JPS6345172Y2 - - Google Patents

Description

[Detailed description of the invention] <Industrial application field> This invention is designed to respond to changes in the planting density of grain culms, threshing resistance, etc. when harvesting and threshing grain culms planted in a field with a combine harvester. The present invention relates to an automatic combine harvester working speed control device that automatically adjusts the combine harvester's working speed and maintains the threshing workload at a predetermined target value to improve threshing accuracy and work efficiency.

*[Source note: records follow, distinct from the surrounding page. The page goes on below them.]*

lemma escaping_almost_between_triples:
  fixes w :: "nat \<Rightarrow> 'a::real_normed_vector"
  assumes "filterlim (\<lambda>j. norm (w j - p)) at_top sequentially" "(\<lambda>j. sgn (w j - p)) \<longlonglongrightarrow> u"
  shows "\<exists>m. w m \<noteq> p \<and> (\<forall>\<alpha>. \<exists>n. \<alpha> \<le> norm (w n - w m) \<and> almost_between (w n) (w m) p)"
proof -
  define \<rho> where "\<rho> j = norm (w j - p)" for j
  have \<rho>_large: "\<exists>m\<ge>n. a \<le> \<rho> m" for n a
  proof -
    have "eventually (\<lambda>j. n \<le> j \<and> a \<le> \<rho> j) sequentially"
      using assms(1) unfolding \<rho>_def filterlim_at_top by (auto intro: eventually_conj)
    then show ?thesis
      using eventually_happens'[OF sequentially_bot] by blast
  qed
  obtain n0 where n0: "\<forall>j\<ge>n0. norm (sgn (w j - p) - u) < 1/16"
    using assms(2) unfolding LIMSEQ_iff by (meson zero_less_divide_1_iff zero_less_numeral)
  obtain m where m: "m \<ge> n0" "1 \<le> \<rho> m"
    using \<rho>_large by blast
  have "\<exists>n. \<alpha> \<le> norm (w n - w m) \<and> almost_between (w n) (w m) p" for \<alpha>
  proof -
    obtain n where n: "n \<ge> n0" "max (16 * \<rho> m) (\<alpha> + \<rho> m) \<le> \<rho> n"
      using \<rho>_large by blast
    have "norm (sgn (w n - p) - sgn (w m - p)) \<le> 1/16 + 1/16"
      using n0 n(1) m(1) by (intro norm_diff_triangle_le[where y = u]) (auto simp: norm_minus_commute less_imp_le)
    then have "almost_between (w n) (w m) p"
      using m n unfolding \<rho>_def by (intro almost_between_if_sgn_close) auto
    moreover have "\<rho> n \<le> norm (w n - w m) + \<rho> m"
      unfolding \<rho>_def by (rule norm_diff_triangle_le) auto
    ultimately show ?thesis
      using n by (intro exI[of _ n]) auto
  qed
  moreover have "w m \<noteq> p"
    using m unfolding \<rho>_def by auto
  ultimately show ?thesis by blast
qed

lemma convergent_sgn_subseq:
  fixes w :: "nat \<Rightarrow> 'a::real_normed_vector" and B :: "'a set"
  assumes "finite B" "span B = UNIV"
  obtains r u where "strict_mono r" "(\<lambda>j. sgn (w (r j))) \<longlonglongrightarrow> u"
proof -
  have "seq_compact (cball (0::'a) 1)"
    using compact_cball_if_finite_span[OF assms] by (rule compact_imp_seq_compact)
  moreover have "\<forall>j. sgn (w j) \<in> cball 0 1"
    by (simp add: norm_sgn)
  ultimately show ?thesis
    using that by (auto elim!: seq_compactE simp: o_def)
qed

lemma bounded_infinite_imp_convergent_seq:
  fixes Y B :: "'a::real_normed_vector set"
  assumes "finite B" "span B = UNIV" "bounded Y" "infinite Y"
  obtains w p where "\<forall>j. w j \<in> Y - {p}" "w \<longlonglongrightarrow> p"
proof -
  obtain r where "Y \<subseteq> cball 0 r"
    using assms(3) by (meson bounded_subset_ballD ball_subset_cball order.trans)
  then obtain p where "p islimpt Y"
    using compact_cball_if_finite_span[OF assms(1,2)] assms(4) compact_eq_Bolzano_Weierstrass by blast
  then show ?thesis
    using that by (auto simp: islimpt_sequential)
qed

definition shrinking_triples :: "'a::real_normed_vector set \<Rightarrow> bool" where
  "shrinking_triples Y \<longleftrightarrow> (\<exists>\<alpha>>0. \<forall>\<beta>>0. \<exists>a\<in>Y. \<exists>b\<in>Y. \<exists>c\<in>Y.
     \<alpha> \<le> norm (a - b) \<and> b \<noteq> c \<and> norm (b - c) < \<beta> \<and> almost_between a b c)"

definition escaping_triples :: "'a::real_normed_vector set \<Rightarrow> bool" where
  "escaping_triples Y \<longleftrightarrow> (\<exists>b\<in>Y. \<exists>c\<in>Y. b \<noteq> c \<and>
     (\<forall>\<alpha>. \<exists>a\<in>Y. \<alpha> \<le> norm (a - b) \<and> almost_between a b c))"

lemma infinite_imp_shrinking_or_escaping_triples:
  fixes Y B :: "'a::real_normed_vector set"
  assumes "finite B" "span B = UNIV" "infinite Y"
  shows "shrinking_triples Y \<or> escaping_triples Y"
proof (cases "bounded Y")
  case True
  obtain w p where w: "\<forall>j. w j \<in> Y - {p}" "w \<longlonglongrightarrow> p"
    using bounded_infinite_imp_convergent_seq[OF assms(1,2) True assms(3)] .
  obtain r u where r: "strict_mono r" "(\<lambda>j. sgn (w (r j) - p)) \<longlonglongrightarrow> u"
    using convergent_sgn_subseq[OF assms(1,2), of "\<lambda>j. w j - p"] .
  have "(\<lambda>j. w (r j)) \<longlonglongrightarrow> p"
    using LIMSEQ_subseq_LIMSEQ[OF w(2) r(1)] by (simp add: o_def)
  then obtain \<alpha> where "\<alpha> > 0" and \<alpha>: "\<forall>\<beta>>0. \<exists>n m k. \<alpha> \<le> norm (w (r n) - w (r m)) \<and>
      w (r m) \<noteq> w (r k) \<and> norm (w (r m) - w (r k)) < \<beta> \<and> almost_between (w (r n)) (w (r m)) (w (r k))"
    using shrinking_almost_between_triples[of "\<lambda>j. w (r j)" p u] w(1) r(2) by auto
  have "\<exists>a\<in>Y. \<exists>b\<in>Y. \<exists>c\<in>Y. \<alpha> \<le> norm (a - b) \<and> b \<noteq> c \<and> norm (b - c) < \<beta> \<and> almost_between a b c"
    if "\<beta> > 0" for \<beta>
    using \<alpha> that w(1) by (metis DiffD1)
  then show ?thesis
    unfolding shrinking_triples_def using \<open>\<alpha> > 0\<close> by blast
next
  case False
  obtain p where p: "p \<in> Y"
    using assms(3) by (metis finite.emptyI ex_in_conv)
  have "\<exists>y\<in>Y. real j \<le> norm (y - p)" for j
    using False unfolding bounded_any_center[of Y p]
    by (metis dist_norm linorder_not_le norm_minus_commute order_less_imp_le)
  then obtain w where w: "\<And>j. w j \<in> Y" "\<And>j. real j \<le> norm (w j - p)"
    by metis
  obtain r u where r: "strict_mono r" "(\<lambda>j. sgn (w (r j) - p)) \<longlonglongrightarrow> u"
    using convergent_sgn_subseq[OF assms(1,2), of "\<lambda>j. w j - p"] .
  have "real j \<le> norm (w (r j) - p)" for j
    using seq_suble[OF r(1), of j] w(2)[of "r j"] by linarith
  then have "filterlim (\<lambda>j. norm (w (r j) - p)) at_top sequentially"
    by (intro filterlim_at_top_mono[OF filterlim_real_sequentially]) auto
  then obtain m where "w (r m) \<noteq> p" and
    m: "\<forall>\<alpha>. \<exists>n. \<alpha> \<le> norm (w (r n) - w (r m)) \<and> almost_between (w (r n)) (w (r m)) p"
    using escaping_almost_between_triples[of "\<lambda>j. w (r j)" p u] r(2) by blast
  then have "escaping_triples Y"
    unfolding escaping_triples_def using w(1) p by metis
  then show ?thesis ..
qed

<Prior Art> As a basic structure of the present invention, as shown in FIGS. 1 and 4, for example, the threshing torque of the threshing device 5 of the combine harvester 1 can be detected by the threshing torque detection device 41, and the threshing torque detection device Based on the threshing torque detection signal 41, the vehicle speed control device M is controlled to operate the vehicle speed adjustment device C to shift the speed, and the traveling speed of the traveling device 2 of the combine 1 can be automatically controlled. When the value of is high, the traveling speed is controlled to be low, and when it is low, the traveling speed is controlled to be high.
The present invention relates to an automatic work travel speed control device for a combine harvester configured to bring the threshing workload close to a threshing workload target value set in a vehicle speed control device M.

In the automatic work traveling speed control device having this structure, there is a conventional method for setting the amount of threshing work shown in Japanese Patent Laid-Open No. 53-92223.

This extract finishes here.